What you will do: State the number of lines in the records that contain "using", with no other words.

Extracted data entries:

lemma sigma_admissible_ex_estimator_close_to_M:
  assumes "sigma_admissible M W K ubar Vbar \<sigma>"
    and "\<forall>k\<in>{1..K}. \<forall>w\<in>W. is_PBDW W ((+) (ubar k) ` Vbar k) w (ustar k w)"
    and "u \<in> M"
  shows "\<exists>k\<in>{1..K}. infdist (ustar k (orth_proj W u)) M \<le> \<sigma>"
proof -
  obtain m where dims: "\<forall>k\<in>{1..K}. (\<exists>n\<le>m. fin_dim_subspace (Vbar k) n) \<and> Vbar k \<inter> orthogonal_comp W = {0}"
    using assms(1) unfolding sigma_admissible_def by (elim conjE exE) blast
  obtain Mk eps where cover: "(\<Union>k\<in>{1..K}. Mk k) = M"
    and bounds: "\<forall>k\<in>{1..K}. (\<forall>u\<in>Mk k. infdist u ((+) (ubar k) ` Vbar k) \<le> eps k) \<and>
                   mu (Vbar k) W * eps k \<le> \<sigma>"
    using assms(1) unfolding sigma_admissible_def by (elim conjE exE) blast
  obtain k where k: "k \<in> {1..K}" "u \<in> Mk k"
    using assms(3) cover by blast
  then have eps: "infdist u ((+) (ubar k) ` Vbar k) \<le> eps k" and mu_eps: "mu (Vbar k) W * eps k \<le> \<sigma>"
    using bounds by blast+
  have dims_k: "(\<exists>n\<le>m. fin_dim_subspace (Vbar k) n) \<and> Vbar k \<inter> orthogonal_comp W = {0}"
    using dims k(1) by (rule bspec)
  then have trivial_meet: "Vbar k \<inter> orthogonal_comp W = {0}"
    by (rule conjunct2)
  obtain n where "fin_dim_subspace (Vbar k) n"
    using dims_k by blast
  then obtain B where B: "finite B" "Vbar k = span B"
    unfolding fin_dim_subspace_def by blast
  have "is_PBDW W ((+) (ubar k) ` Vbar k) (orth_proj W u) (ustar k (orth_proj W u))"
    using assms(2) k(1) orth_proj_in by blast
  then have "norm (u - ustar k (orth_proj W u)) \<le> mu (Vbar k) W * infdist u ((+) (ubar k) ` Vbar k)"
    unfolding B(2) using PBDW_error_bound[OF B(1) trivial_meet[unfolded B(2)]] by blast
  also have "\<dots> \<le> mu (Vbar k) W * eps k"
    using eps mu_ge_1[OF B trivial_meet] by (intro mult_left_mono) auto
  also have "\<dots> \<le> \<sigma>"
    by (rule mu_eps)
  finally show ?thesis
    using k(1) assms(3) by (intro bexI[of _ k] infdist_le2) (simp_all add: dist_norm norm_minus_commute)
qed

Solution to this task: 10